In other words, after five 16KB areas are allocated, if the second area is returned with the free() function and another 16KB area is requested again after a while, instead of enlarging the data area through the brk() system call, the previous address is returned.
However, if the newly requested area is larger than 16KB, then the data area will be enlarged by allocating a new area with the brk() system call since area two cannot be used. Although area number two is not in use, the application can't use it because of the size difference. Because of scenarios like this, there is a situation called internal fragmentation, and in fact, you can rarely use all parts of the memory to the fullest.

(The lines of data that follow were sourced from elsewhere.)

lemma tree_dist_through_gate:
  assumes "tree_adj D u b" "is_node D w" "u \<notin> S" "w \<in> S"
    and gate: "\<And>x y. tree_adj D x y \<Longrightarrow> x \<notin> S \<Longrightarrow> y \<in> S \<Longrightarrow> y = b"
  shows "tree_dist D b w = tree_dist D u w - 1"
proof -
  have "is_node D u" "is_node D b"
    using assms(1) by (auto simp: tree_adj_def)
  obtain ps where ps: "is_path D ps" "length ps = Suc (tree_dist D u w)" "hd ps = u" "last ps = w"
    using shortest_path_exists[OF \<open>is_node D u\<close> \<open>is_node D w\<close>] by blast
  have "hd ps \<notin> S" "last ps \<in> S"
    using ps(3,4) assms(3,4) by simp_all
  then have "\<exists>i. 0 < i \<and> i < length ps \<and> ps ! i = b"
    by (rule path_enters_through_gate[OF ps(1)]) (fact gate)
  then obtain i where i: "0 < i" "i < length ps" "ps ! i = b"
    by blast
  have "tree_dist D b w \<le> length (drop i ps) - 1"
    using tree_dist_le_length[OF is_path_drop[OF ps(1) i(2)]] i ps(4) by (simp add: hd_drop_conv_nth)
  then have upper: "tree_dist D b w \<le> tree_dist D u w - 1"
    using i ps(2) by simp
  obtain rs where rs: "is_path D rs" "length rs = Suc (tree_dist D b w)" "hd rs = b" "last rs = w"
    using shortest_path_exists[OF \<open>is_node D b\<close> \<open>is_node D w\<close>] by blast
  then have "is_path D (u # rs)"
    using assms(1) by (simp add: is_path_Cons)
  then have "tree_dist D u w \<le> Suc (tree_dist D b w)"
    using tree_dist_le_length[of D "u # rs"] rs by (simp add: is_path_not_Nil)
  with upper show ?thesis
    by linarith
qed

definition descendant :: "node \<Rightarrow> node \<Rightarrow> bool" where
  "descendant u x \<longleftrightarrow> fst u \<le> fst x \<and> snd x div 2 ^ (fst x - fst u) = snd u"

lemma descendant_refl [simp]: "descendant u u"
  by (simp add: descendant_def)

lemma descendant_root: "is_node D x \<Longrightarrow> descendant (0, 0) x"
  by (simp add: descendant_def is_node_def)

lemma descendant_iff_parent:
  assumes "0 < fst y"
  shows "descendant u y \<longleftrightarrow> y = u \<or> descendant u (parent y)"
proof -
  obtain d k where y: "y = (Suc d, k)"
    using assms by (metis gr0_implies_Suc prod.collapse)
  have "k div 2 div 2 ^ (d - fst u) = k div 2 ^ (Suc d - fst u)" if "fst u \<le> d"
    using that by (simp add: div_mult2_eq Suc_diff_le flip: mult.commute)
  then show ?thesis
    by (cases u) (auto simp: descendant_def parent_def y le_Suc_eq)
qed

lemma descendant_boundary_edge:
  assumes "tree_adj D x y" "descendant c x" "\<not> descendant c y"
  shows "x = c \<and> y = parent c"
  using assms by (auto simp: tree_adj_def descendant_iff_parent)

lemma is_node_leaf_of: "0 \<le> v \<Longrightarrow> v < 1 \<Longrightarrow> is_node D (leaf_of D v)"
  by (simp add: is_node_def leaf_of_def nat_less_iff floor_less_iff)

lemma descendant_leaf_of_iff:
  assumes "0 \<le> v" "fst u \<le> D"
  shows "descendant u (leaf_of D v) \<longleftrightarrow> lo u \<le> v \<and> v < hi u"
proof -
  obtain e j where u: "u = (e, j)"
    by force
  have "(2::real) ^ D = 2 ^ (D - e) * 2 ^ e"
    using assms(2) u by (simp flip: power_add)
  then have "v * 2 ^ D / real_of_int (2 ^ (D - e)) = v * 2 ^ e"
    by simp
  then have "\<lfloor>v * 2 ^ D\<rfloor> div 2 ^ (D - e) = \<lfloor>v * 2 ^ e\<rfloor>"
    using floor_divide_real_eq_div[of "2 ^ (D - e)" "v * 2 ^ D"] by simp
  moreover have "nat \<lfloor>v * 2 ^ D\<rfloor> div 2 ^ (D - e) = nat (\<lfloor>v * 2 ^ D\<rfloor> div 2 ^ (D - e))"
    using assms(1) by (simp add: nat_div_distrib nat_power_eq)
  ultimately have "descendant u (leaf_of D v) \<longleftrightarrow> nat \<lfloor>v * 2 ^ e\<rfloor> = j"
    using assms(2) by (simp add: descendant_def leaf_of_def u)
  also have "\<dots> \<longleftrightarrow> \<lfloor>v * 2 ^ e\<rfloor> = int j"
    using assms(1) by auto
  also have "\<dots> \<longleftrightarrow> real j \<le> v * 2 ^ e \<and> v * 2 ^ e < real j + 1"
    by (simp add: floor_eq_iff)
  also have "\<dots> \<longleftrightarrow> lo u \<le> v \<and> v < hi u"
    by (simp add: lo_def hi_def u field_simps)
  finally show ?thesis .
qed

For better understanding, try compiling and running the following sample application:
$ touch systemCallMemoryAllocation.c
$ vi systemCallMemoryAllocation.c
#include <stdio.h>
#include <stdlib.h>
#include <unistd.h> /*for system calls, sbrk*/
int main(int argc, char* argv[]) /* an array of inputs*/
{
char *ptr[7];
int n;
printf("\nPid of %s: %d", argv[0], getpid());
printf("Initial program break : %p", sbrk(0));
for(n=0; n<5; n++) ptr[n] = malloc(16 * 1024);
printf("After 5 x 16kB malloc : %p", sbrk(0));
free(ptr[1]);
printf("After free of second 16kB : %p", sbrk(0));
ptr[5] = malloc(16 * 1024);
printf("After allocating 6th of 16kB : %p", sbrk(0));
free(ptr[5]);
printf("After freeing last block : %p", sbrk(0));
ptr[6] = malloc(18 * 1024);
printf("After allocating a new 18kB : %p", sbrk(0));
getchar();
return 0;
}
Compile:
$ gcc systemCallMemoryAllocation.c -o systemCallMemoryAllocation.exe
When you run the application you will get a result similar to the following output:
$ ./systemCallMemoryAllocation.exe
Pid of ./systemCallMemoryAllocation.exe: 31990
0Initial program break : 0x55ebcadf4000
After 5 x 16kB malloc : 0x55ebcadf4000
After free of second 16kB : 0x55ebcadf4000
After allocating 6th of 16kB : 0x55ebcadf4000
After freeing last block : 0x55ebcadf4000
After allocating a new 18kB : 0x55ebcadf4000
The output for brk with strace will be as follows:
$ strace ./systemCallMemoryAllocation.exe
...
brk(NULL) = 0x5608595b6000
brk(0x5608595d7000) = 0x5608595d7000
As you can see, 0x21000 has been added to the ending address of the data field. You can understand this from the value 0x5608595d7000. So approximately 0x21000, or 132KB of memory was allocated.
There are two important points to consider here. The first is the allocation of more than the amount specified in the sample code. Another is which line of code caused the brk call that provided the allocation.
Extra work
Combine what you have learnt in this lab advance your understanding of what you have achieved.